Christopher Hitchens: What if the Church’s own rules applied to it?

Well, that's an easy way to cop out. Blame the dead Pope.

Christopher Hitchens   September 14, 2010 – 8:40 am

Reading Diarmaid MacCulloch’s extraordinary and limpid new work Christianity: The First Three Thousand Years (a history informed by a general, if Anglican, sympathy for its subject), I came across the following passage from Cardinal John Henry Newman’s classic statement of belief, his Apologia Pro Vita Sua:

“The Catholic Church holds it better for the Sun and Moon to drop from Heaven, for the earth to fail, and for all the many millions on it to die from starvation in extremest agony … than that one soul, I will not say, should be lost, but should commit one single venial sin, should tell one wilful untruth, or should steal one poor farthing without excuse.”

In a few days, Joseph Ratzinger will make one of the most portentous voyages of his papacy, landing in Britain to announce the beatification of the author of those remarkable words. I am not writing about Catholic dogma today, and in any case do not have the space to discuss the hysterical, totalitarian fanaticism of Newman’s statement, coming as it does from a learned man celebrated for his relative “moderation.” I thought I would simply ask how the church would emerge if anything remotely like Newman’s criterion were to be applied to it.

As we have recently been forcibly reminded, the Roman Catholic Church holds it better for the cries of raped and violated children to be ignored, and for the excuses and alibis of their rapists and torturers indulged, and for a host of dirty and wilful untruths to be manufactured wholesale, and for the funds raised ostensibly for the poor to be paid out in hush money and shameful bribery, rather than that one tiny indignity or inconvenience be visited on the robed majesty of a man-made church or any limit set to its self-proclaimed right to be judge in its own cause.

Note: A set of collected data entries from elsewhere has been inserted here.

lemma infinite_below_child:
  assumes "v \<in> V" and "infinite (below v)"
  shows "\<exists>c. E v c \<and> parent c = v \<and> c \<noteq> v \<and> infinite (below c)"
proof (rule ccontr)
  assume no_child: "\<not> ?thesis"
  let ?C = "{c. E v c \<and> parent c = v \<and> c \<noteq> v}"
  have "finite ?C" using lf assms(1) unfolding locally_finite_def by (auto intro: finite_subset)
  have "below v \<subseteq> {v} \<union> (\<Union>c\<in>?C. below c)"
  proof
    fix u assume "u \<in> below v"
    then obtain n where n: "(parent ^^ n) u = v" "u \<in> U" unfolding below_def by blast
    show "u \<in> {v} \<union> (\<Union>c\<in>?C. below c)"
    proof (cases "u = v")
      case False
      then obtain c m where c: "parent c = v" "c \<noteq> v" "(parent ^^ m) u = c"
        using iter_parent_child[OF n(1)] by blast
      have "c \<in> V" using c(3) iter_parent_in_V n(2) UV by blast
      moreover have "c \<noteq> root" using c by auto
      ultimately have "E c v" using parent_edge_depth c by blast
      then have "E v c" using graph_edge_sym[OF g] by blast
      then show ?thesis using c n(2) unfolding below_def by blast
    qed simp
  qed
  moreover have "finite ({v} \<union> (\<Union>c\<in>?C. below c))" using \<open>finite ?C\<close> no_child by auto
  ultimately show False using assms(2) finite_subset by blast
qed

definition heavy_child :: "'a \<Rightarrow> 'a" where
  "heavy_child v = (SOME c. E v c \<and> parent c = v \<and> c \<noteq> v \<and> infinite (below c))"

lemma heavy_child:
  assumes "v \<in> V" and "infinite (below v)"
  shows "E v (heavy_child v) \<and> parent (heavy_child v) = v \<and> heavy_child v \<noteq> v
    \<and> infinite (below (heavy_child v))"
  using someI_ex[OF infinite_below_child[OF assms]] unfolding heavy_child_def by blast

primrec spine :: "nat \<Rightarrow> 'a" where
  "spine 0 = root"
| "spine (Suc k) = heavy_child (spine k)"

lemma spine_invariant: "spine k \<in> V \<and> infinite (below (spine k)) \<and> depth (spine k) = k"
proof (induction k)
  case 0
  then show ?case using root_in_V below_root Uinf depth_root by simp
next
  case (Suc k)
  then have child: "E (spine k) (spine (Suc k))" "parent (spine (Suc k)) = spine k"
      "spine (Suc k) \<noteq> spine k" "infinite (below (spine (Suc k)))"
    using heavy_child[of "spine k"] by simp_all
  then have "spine (Suc k) \<in> V" using graph_edge_in_V[OF g] by blast
  moreover have "spine (Suc k) \<noteq> root" using child(2,3) by auto
  ultimately have "depth (parent (spine (Suc k))) + 1 = depth (spine (Suc k))"
    using parent_edge_depth by blast
  moreover have "depth (parent (spine (Suc k))) = k" using child(2) Suc by simp
  ultimately have "depth (spine (Suc k)) = Suc k" by linarith
  then show ?case using child(4) \<open>spine (Suc k) \<in> V\<close> by blast
qed

lemma spine_is_ray: "is_ray V E spine"
  unfolding is_ray_def
proof (intro conjI allI)
  show "inj spine"
  proof (rule injI)
    fix x y assume "spine x = spine y"
    moreover have "depth (spine x) = x" "depth (spine y) = y" using spine_invariant by blast+
    ultimately show "x = y" by metis
  qed
  fix k
  have "spine k \<in> V" "infinite (below (spine k))" using spine_invariant[of k] by blast+
  then show "spine k \<in> V" "E (spine k) (spine (Suc k))" using heavy_child by auto
qed

definition ancestor :: "nat \<Rightarrow> 'a \<Rightarrow> 'a" where
  "ancestor t u = (parent ^^ (depth u - t)) u"
lemma closed_weakly_null_directions:
  fixes y :: "nat \<Rightarrow> 'a::complex_inner"
  assumes bound: "\<And>n. norm (y n) \<le> M"
  shows "closed {h. (\<lambda>n. cinner (y n) h) \<longlonglongrightarrow> 0}" (is "closed ?W")
proof -
  define M' where "M' = \<bar>M\<bar> + 1"
  have "M' > 0" and bound': "\<And>n. norm (y n) \<le> M'"
    using bound unfolding M'_def by (simp, smt (verit))
  have "h \<in> ?W" if "h \<in> closure ?W" for h
  proof (simp, rule tendstoI)
    fix e :: real
    assume "0 < e"
    then obtain h' where "h' \<in> ?W" and h': "dist h' h < e / (2 * M')"
      using \<open>h \<in> closure ?W\<close> \<open>M' > 0\<close> unfolding closure_approachable by (metis divide_pos_pos mult_pos_pos zero_less_numeral)
    then have "(\<lambda>n. cinner (y n) h') \<longlonglongrightarrow> 0"
      by simp
    then have "\<forall>\<^sub>F n in sequentially. dist (cinner (y n) h') 0 < e / 2"
      using \<open>0 < e\<close> by (intro tendstoD) simp_all
    then show "\<forall>\<^sub>F n in sequentially. dist (cinner (y n) h) 0 < e"
    proof (rule eventually_mono)
      fix n
      assume close: "dist (cinner (y n) h') 0 < e / 2"
      have "cmod (cinner (y n) (h - h')) \<le> norm (y n) * norm (h - h')"
        by (rule cmod_cinner_le)
      also have "\<dots> \<le> M' * (e / (2 * M'))"
        using bound'[of n] h' \<open>M' > 0\<close>
        by (intro mult_mono) (simp_all add: dist_norm norm_minus_commute)
      also have "\<dots> = e / 2"
        using \<open>M' > 0\<close> by simp
      finally have "cmod (cinner (y n) h - cinner (y n) h') \<le> e / 2"
        by (simp add: cinner_diff_right)
      then show "dist (cinner (y n) h) 0 < e"
        using close norm_triangle_ineq2[of "cinner (y n) h" "cinner (y n) h'"] by simp
    qed
  qed
  then show ?thesis
    using closure_subset_eq by blast
qed
definition SLD :: "complex^'n^'n \<Rightarrow> complex^'n^'n \<Rightarrow> complex^'n^'n" where
  "SLD \<rho> \<Xi> = (THE X. hermitian X \<and> (1/2) *\<^sub>R (\<rho> ** X + X ** \<rho>) = \<Xi>)"

definition qfisher :: "complex^'n^'n \<Rightarrow> complex^'n^'n \<Rightarrow> complex^'n^'n \<Rightarrow> real" where
  "qfisher \<rho> \<Xi> \<Xi>' = Re ((1/2) * mtr (\<rho> ** (SLD \<rho> \<Xi> ** SLD \<rho> \<Xi>' + SLD \<rho> \<Xi>' ** SLD \<rho> \<Xi>)))"

definition smooth_on :: "real set \<Rightarrow> (real \<Rightarrow> 'a::real_normed_vector) \<Rightarrow> bool" where
  "smooth_on S r \<longleftrightarrow> (\<exists>D :: nat \<Rightarrow> real \<Rightarrow> 'a. (\<forall>t\<in>S. D 0 t = r t) \<and>
      (\<forall>k. \<forall>t\<in>S. (D k has_vector_derivative D (Suc k) t) (at t)))"

definition curve_through :: "(real \<Rightarrow> complex^'n^'n) \<Rightarrow> complex^'n^'n \<Rightarrow> complex^'n^'n \<Rightarrow> bool" where
  "curve_through r \<rho> \<Xi> \<longleftrightarrow> (\<exists>\<epsilon>>0. smooth_on {-\<epsilon><..<\<epsilon>} r \<and> (\<forall>\<tau>\<in>{-\<epsilon><..<\<epsilon>}. r \<tau> \<in> Pdot))
      \<and> r 0 = \<rho> \<and> (r has_vector_derivative \<Xi>) (at 0)"

definition qgrad :: "(complex^'n^'n \<Rightarrow> real) \<Rightarrow> complex^'n^'n \<Rightarrow> complex^'n^'n" where
  "qgrad L \<rho> = (THE G. G \<in> tangent \<and>
     (\<forall>r \<Xi>. curve_through r \<rho> \<Xi> \<longrightarrow>
        ((\<lambda>\<tau>. L (r \<tau>)) has_real_derivative qfisher \<rho> G \<Xi>) (at 0)))"

definition cdiag :: "real^'n \<Rightarrow> complex^'n^'n" where
  "cdiag c = (\<chi> i j. if i = j then complex_of_real (c$i) else 0)"

definition Lcost :: "real^'n \<Rightarrow> complex^'n^'n \<Rightarrow> real" where
  "Lcost c \<rho> = -2 * Re (mtr (cdiag c ** \<rho>))"

definition Sm :: "(real^'n) set" where
  "Sm = {w. norm w = 1 \<and> (\<forall>k. w$k \<noteq> 0)}"

definition Dm :: "(complex^'n^'n) set" where
  "Dm = {cdiag \<theta> | \<theta>. (\<forall>k. \<theta>$k > 0) \<and> (\<Sum>k\<in>UNIV. \<theta>$k) = 1}"

definition mu :: "real^'n \<Rightarrow> complex^'n^'n" where
  "mu w = cdiag (\<chi> k. (w$k)^2)"

definition mu_diff :: "real^'n \<Rightarrow> real^'n \<Rightarrow> complex^'n^'n" where
  "mu_diff w u = cdiag (\<chi> k. 2 * (w$k * u$k))"

definition gradLambda :: "real^'n \<Rightarrow> real^'n \<Rightarrow> real^'n" where
  "gradLambda c w = (let Cw = (\<chi> k. c$k * w$k) in - Cw + (w \<bullet> Cw) *\<^sub>R w)"

definition mu_push_gradLambda :: "real^'n \<Rightarrow> complex^'n^'n \<Rightarrow> complex^'n^'n" where
  "mu_push_gradLambda c \<Theta> =
     (let w = (SOME w. w \<in> Sm \<and> mu w = \<Theta>) in mu_diff w (gradLambda c w))"

end

theory Submission
  imports Defs
begin

text \<open>Every \<open>\<Theta> \<in> D\<^sub>m\<close> is a diagonal state \<open>diag(t)\<close>, and there the SLD equation decouples
  entrywise: the SLD of \<open>\<Xi>\<close> has entries \<open>2 \<Xi>\<^sub>i\<^sub>j / (t\<^sub>i + t\<^sub>j)\<close>, so the Fisher metric is
  \<open>\<langle>A, B\<rangle> = Re \<Sum>\<^sub>i\<^sub>j 2 A\<^sub>i\<^sub>j B\<^sub>j\<^sub>i / (t\<^sub>i + t\<^sub>j)\<close>, positive definite on Hermitian matrices.
  Since the cost is linear, its derivative along a curve with velocity \<open>\<Xi>\<close> is \<open>-2 \<Sum>\<^sub>i c\<^sub>i \<Xi>\<^sub>i\<^sub>i\<close>,
  and on traceless \<open>\<Xi>\<close> this is represented by \<open>G = diag(2 t\<^sub>k (\<Sum>\<^sub>j c\<^sub>j t\<^sub>j - c\<^sub>k))\<close>. Any other
  representative differs from \<open>G\<close> by some \<open>D\<close> with \<open>\<langle>D, D\<rangle> = 0\<close>, tested along the line \<open>\<Theta> + \<tau> D\<close>,
  which stays in \<open>\<dot>P\<^sub>m\<close> for small \<open>\<tau>\<close>. On the other side, for \<open>w\<^sub>k\<^sup>2 = t\<^sub>k\<close> the push-forward
  \<open>2 w\<^sub>k (grad \<Lambda>(w))\<^sub>k = 2 w\<^sub>k\<^sup>2 (w\<^sup>T C w - c\<^sub>k)\<close> is the same matrix \<open>G\<close>.\<close>

lemma cdiag_mult_left: "(cdiag t ** X) $ i $ j = complex_of_real (t$i) * X$i$j"
  by (simp add: matrix_matrix_mult_def cdiag_def if_distrib[where f="\<lambda>x. x * _"] cong: if_cong)

lemma cdiag_mult_right: "(X ** cdiag t) $ i $ j = X$i$j * complex_of_real (t$j)"
  by (simp add: matrix_matrix_mult_def cdiag_def if_distrib cong: if_cong)

lemma cdiag_inject: "cdiag a = cdiag b \<longleftrightarrow> a = b"
  by (auto simp: cdiag_def vec_eq_iff dest: spec2)

lemma hermitian_iff_entries: "hermitian A \<longleftrightarrow> (\<forall>i j. cnj (A$j$i) = A$i$j)"
  by (simp add: hermitian_def ctrans_def vec_eq_iff)

lemma hermitian_cdiag: "hermitian (cdiag t)"
  by (simp add: hermitian_iff_entries cdiag_def)

lemma linear_ctrans: "linear ctrans"
  by (rule linearI) (simp_all add: ctrans_def vec_eq_iff)

lemma linear_mtr: "linear mtr"
  by (rule linearI) (simp_all add: mtr_def sum.distrib scaleR_sum_right)

lemma hermitian_add_scaleR:
  "hermitian A \<Longrightarrow> hermitian B \<Longrightarrow> hermitian (A + a *\<^sub>R B)"
  by (simp add: hermitian_iff_entries)

lemma hermitian_diff: "hermitian A \<Longrightarrow> hermitian B \<Longrightarrow> hermitian (A - B)"
  using hermitian_add_scaleR[of A B "-1"] by simp

lemma mtr_cdiag: "mtr (cdiag t) = complex_of_real (\<Sum>i\<in>UNIV. t$i)"
  by (simp add: mtr_def cdiag_def)

lemma mtr_cdiag_mult: "mtr (cdiag t ** M) = (\<Sum>i\<in>UNIV. complex_of_real (t$i) * M$i$i)"
  by (simp add: mtr_def cdiag_mult_left)

lemma Lcost_eq: "Lcost c X = -2 * (\<Sum>i\<in>UNIV. c$i * Re (X$i$i))"
  by (simp add: Lcost_def mtr_cdiag_mult Re_sum)

lemma linear_Lcost: "linear (Lcost c)"
  by (rule linearI) (simp_all add: Lcost_eq sum.distrib algebra_simps sum_distrib_left)

subsection \<open>The SLD Fisher metric at a diagonal state\<close>

lemma SLD_cdiag:
  assumes pos: "\<forall>k. t$k > 0" and "hermitian A"
  shows "SLD (cdiag t) A = (\<chi> i j. 2 * A$i$j / complex_of_real (t$i + t$j))"
proof -
  have ne: "complex_of_real (t$i + t$j) \<noteq> 0" for i j
    using pos by (metis add_pos_pos of_real_eq_0_iff order_less_irrefl)
  have sym: "((1/2) *\<^sub>R (cdiag t ** X + X ** cdiag t)) $ i $ j
      = complex_of_real (t$i + t$j) * X$i$j / 2" for X i j
    by (simp add: cdiag_mult_left cdiag_mult_right) (simp add: scaleR_conv_of_real algebra_simps)
  define Y where "Y = (\<chi> i j. 2 * A$i$j / complex_of_real (t$i + t$j))"
  show ?thesis
    unfolding SLD_def Y_def[symmetric]
  proof (rule the_equality)
    have "hermitian Y"
      using assms(2) by (simp add: Y_def hermitian_iff_entries add.commute)
    moreover have "(1/2) *\<^sub>R (cdiag t ** Y + Y ** cdiag t) = A"
      unfolding vec_eq_iff sym using ne by (simp add: Y_def)
    ultimately show "hermitian Y \<and> (1/2) *\<^sub>R (cdiag t ** Y + Y ** cdiag t) = A" ..
  next
    fix X assume "hermitian X \<and> (1/2) *\<^sub>R (cdiag t ** X + X ** cdiag t) = A"
    then have "A$i$j = complex_of_real (t$i + t$j) * X$i$j / 2" for i j
      using sym by auto
    then show "X = Y"
      using ne by (simp add: Y_def vec_eq_iff field_simps)
  qed
qed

Earlier this year, as Roman Catholic authorities from Ireland to Germany to Australia to Belgium to the United States were being confronted with the fallout of decades of sexual assault and subsequent denial, I asked a simple question in print. Why was this not considered a matter for the police and the courts? Why were we asking the Church to “put its own house in order,” an expression that was the exact definition of the problem to begin with?

Why had almost no offending priest or bishop faced justice, and even then usually after a long period of protection from the church’s own “courts”? I followed this up with a telephone call to Geoffrey Robertson, a British barrister with a second-to-none record in international human-rights cases.